Bowing before the King of Saudi Arabia … Check!
Ask Pakistan for Joint Action, give them drones when they refuse… Check!
Tell Europe we are to blame for the problems and make them cheer and feel good about themselves because now its ok not to like the US, not just the President…
Still… let’s keep this guy out of the lower 48. He may suck abroad, but he’s doing MUCH MORE DAMAGE at home.
Terry, I’ve a question. I’m not being gratuitous by saying you’ve been one of the best sources of conservative perspectives I’ve read, backing your posts up with links to respectable newsletters. I appreciate the work, although I don’t share the same views. Here’s my question, prompted by an interview today (on npr) with Peter Diamandis, X-prize founder, about the current prize for a practical 100 mpg vehicle.
There’ve been a number of warnings about a looming energy disaster as oil fields run dry around the world (Huppert’s peak; Paul Roberts’ “The End of Oil”; David Goodstein’s “Out of Gas”). A few years ago I attended a summer program put on by the Western States Petroleum Association hosted by USC’s petroleum engineering school. The industry people said we wouldn’t “run out” of petroleum, but that the cost of production will begin to rise so that, depending on conservation and demand, by mid-century it will be too expensive to be burned as a fuel. So academics say “just around the corner”, oil people say “40-50 years”. What’s the American conservative perspective on the end of oil?
SAHS teacher, when did “conservative” become synonymous with idiotic?
I would answer you several ways:
One, is that there is no such thing as “Peak Oil”. For the last thirty years the total billions of barrel reserves have only increased.
We have enough oil shale to run this country for 1-2 hundred years, and the rest of the world is filled with this resource.
http://en.wikipedia.org/wiki/Oil_shale_reserves
Second, Oil is “abiotic”. Meaning, it is produced within the earths mantle. That’s right, that garbage about coming from dead dinosaurs… uh uh. Its in too many places and too deep to be produced from the cardon reactions of dead lifeforms.
http://www.energybulletin.net/node/2423
That, and many fields, like the Gulf of Mexico, are refilling.
Third, if that does happen, then what will happen is what happens with everything else that we use on this planet.

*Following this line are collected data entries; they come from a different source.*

text \<open>Pushing weights \<open>w x \<le> deg x\<close> one step along the random walk keeps them below the
  degrees, the stationary measure; so each level of the exploration contributes at most
  \<open>deg v\<close> times its number of queries.\<close>
lemma weighted_hit_bound_le:
  assumes finV: "finite V" and sym: "\<And>x y. E x y \<Longrightarrow> E y x"
    and ne: "\<And>u. u \<in> V \<Longrightarrow> nbrs V E u \<noteq> {}" and "v \<in> V"
    and "\<And>x. x \<in> V \<Longrightarrow> 0 \<le> w x \<and> w x \<le> real (deg V E x)"
  shows "(\<Sum>x\<in>V. w x * hit_bound V E q v d x) \<le> real (deg V E v) * (\<Sum>i<d. real q ^ Suc i)"
  using assms(5)
proof (induction d arbitrary: w)
  case 0
  then show ?case by simp
next
  case (Suc d)
  define w' where "w' y = (\<Sum>x\<in>nbrs V E y. w x / real (deg V E x))" for y
  define F where "F y = of_bool (y = v) + hit_bound V E q v d y" for y
  have w'_bounds: "0 \<le> w' y \<and> w' y \<le> real (deg V E y)" for y
    unfolding w'_def using sum_nbrs_div_deg_bounds[OF finV ne Suc.prems] by auto
  have split_F: "(\<Sum>y\<in>V. w' y * F y) = w' v + (\<Sum>y\<in>V. w' y * hit_bound V E q v d y)"
    using finV \<open>v \<in> V\<close> by (simp add: F_def distrib_left sum.distrib)
  have "(\<Sum>x\<in>V. w x * hit_bound V E q v (Suc d) x)
      = (\<Sum>x\<in>V. \<Sum>y\<in>nbrs V E x. real q * (w x / real (deg V E x) * F y))"
    by (simp add: F_def sum_distrib_left mult_ac)
  also have "\<dots> = (\<Sum>y\<in>V. \<Sum>x\<in>nbrs V E y. real q * (w x / real (deg V E x) * F y))"
    by (rule sum_nbrs_swap[OF finV sym])
  also have "\<dots> = real q * (w' v + (\<Sum>y\<in>V. w' y * hit_bound V E q v d y))"
    unfolding split_F[symmetric] by (simp add: w'_def sum_distrib_left sum_distrib_right mult_ac)
  also have "\<dots> \<le> real q * (real (deg V E v) + real (deg V E v) * (\<Sum>i<d. real q ^ Suc i))"
    using w'_bounds Suc.IH[of w'] by (intro mult_left_mono add_mono) auto
  also have "\<dots> = real (deg V E v) * (\<Sum>i<Suc d. real q ^ Suc i)"
    by (induction d) (simp_all add: algebra_simps)
  finally show ?case .
qed
lemma abs_cont_signed_density_AE:
  assumes S: "sets N = sets borel" and h: "integrable N h" and s: "integrable N s"
    and ac: "abs_cont (signed_density N h) (signed_density N s)"
  shows "AE x in N. s x = 0 \<longrightarrow> h x = 0"
proof -
  have "s \<in> borel_measurable borel"
    using s S by (metis borel_measurable_integrable measurable_cong_sets)
  then have Z: "{x. s x = 0} \<in> sets borel" by measurable
  have "AE x in N. x \<in> {x. s x = 0} \<longrightarrow> h x = 0"
  proof (rule AE_zero_if_signed_density_vanishes[OF S h Z])
    fix E assume E: "E \<in> sets borel" "E \<subseteq> {x. s x = 0}"
    have "tot_var (signed_density N s) E = (\<integral>x. indicator E x * \<bar>s x\<bar> \<partial>N)"
      using E tot_var_signed_density[OF S s] by (simp add: signed_density_def)
    also have "\<dots> = 0"
      using E by (intro integral_eq_zero_AE) (auto simp: indicator_def)
    finally show "signed_density N h E = 0" using ac E by (simp add: abs_cont_def)
  qed
  then show ?thesis by simp
qed

lemma L1_error_nonneg_truncation:
  fixes G h s :: "'a \<Rightarrow> real"
  assumes "AE x in N. 0 \<le> s x" "AE x in N. 0 \<le> h x"
    and "integrable N (\<lambda>x. G x * s x)" "integrable N (\<lambda>x. max 0 (G x) * s x)" "integrable N h"
  shows "(\<integral>x. \<bar>max 0 (G x) * s x - h x\<bar> \<partial>N) \<le> (\<integral>x. \<bar>G x * s x - h x\<bar> \<partial>N)"
proof (rule integral_mono_AE)
  show "AE x in N. \<bar>max 0 (G x) * s x - h x\<bar> \<le> \<bar>G x * s x - h x\<bar>"
    using assms(1,2)
  proof eventually_elim
    case (elim x)
    show ?case
    proof (cases "0 \<le> G x")
      case False
      then have "G x * s x \<le> 0" using elim by (simp add: mult_nonpos_nonneg)
      then show ?thesis using False elim by (auto simp: max_def abs_if)
    qed (simp add: max_def)
  qed
qed (use assms(3-5) in auto)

We will find another resource to “gradually” replace it.
This mythology of running out of a resource suddenly and looking around one day and saying oops! Doesnt happen. If I could get a job with Tesla Motors up in the Silicon Valley, I would! It makes sense!
What doesnt make sense is for SOME people to pretend like they’re smarter than EVERYONE ELSE and IMPOSE some so called solution.
THAT won’t work.
Thanks for the perspective, Terry. Except for the abiotic origen idea, it’s relatively consistent with what the oilmen at USC said. Proven oil reserves increase because of the way the term is defined, which is the total you can expect to produce from a given field. As production technologies advance allowing you to extract a higher percent from the field, the field’s “proven reserves” increase. They expect a smooth transition to alternative transportion fuels as oil production costs begins to increase. It will be economics that drives the research for new fuels, not government programs. Oil is still cheap. This was their primary complaint; closed down oil fields all across the U.S. still had 80-90% of oil in situ, but they couldn’t produce it at a cost competitive with other fields around the world. Can’t operate at a loss.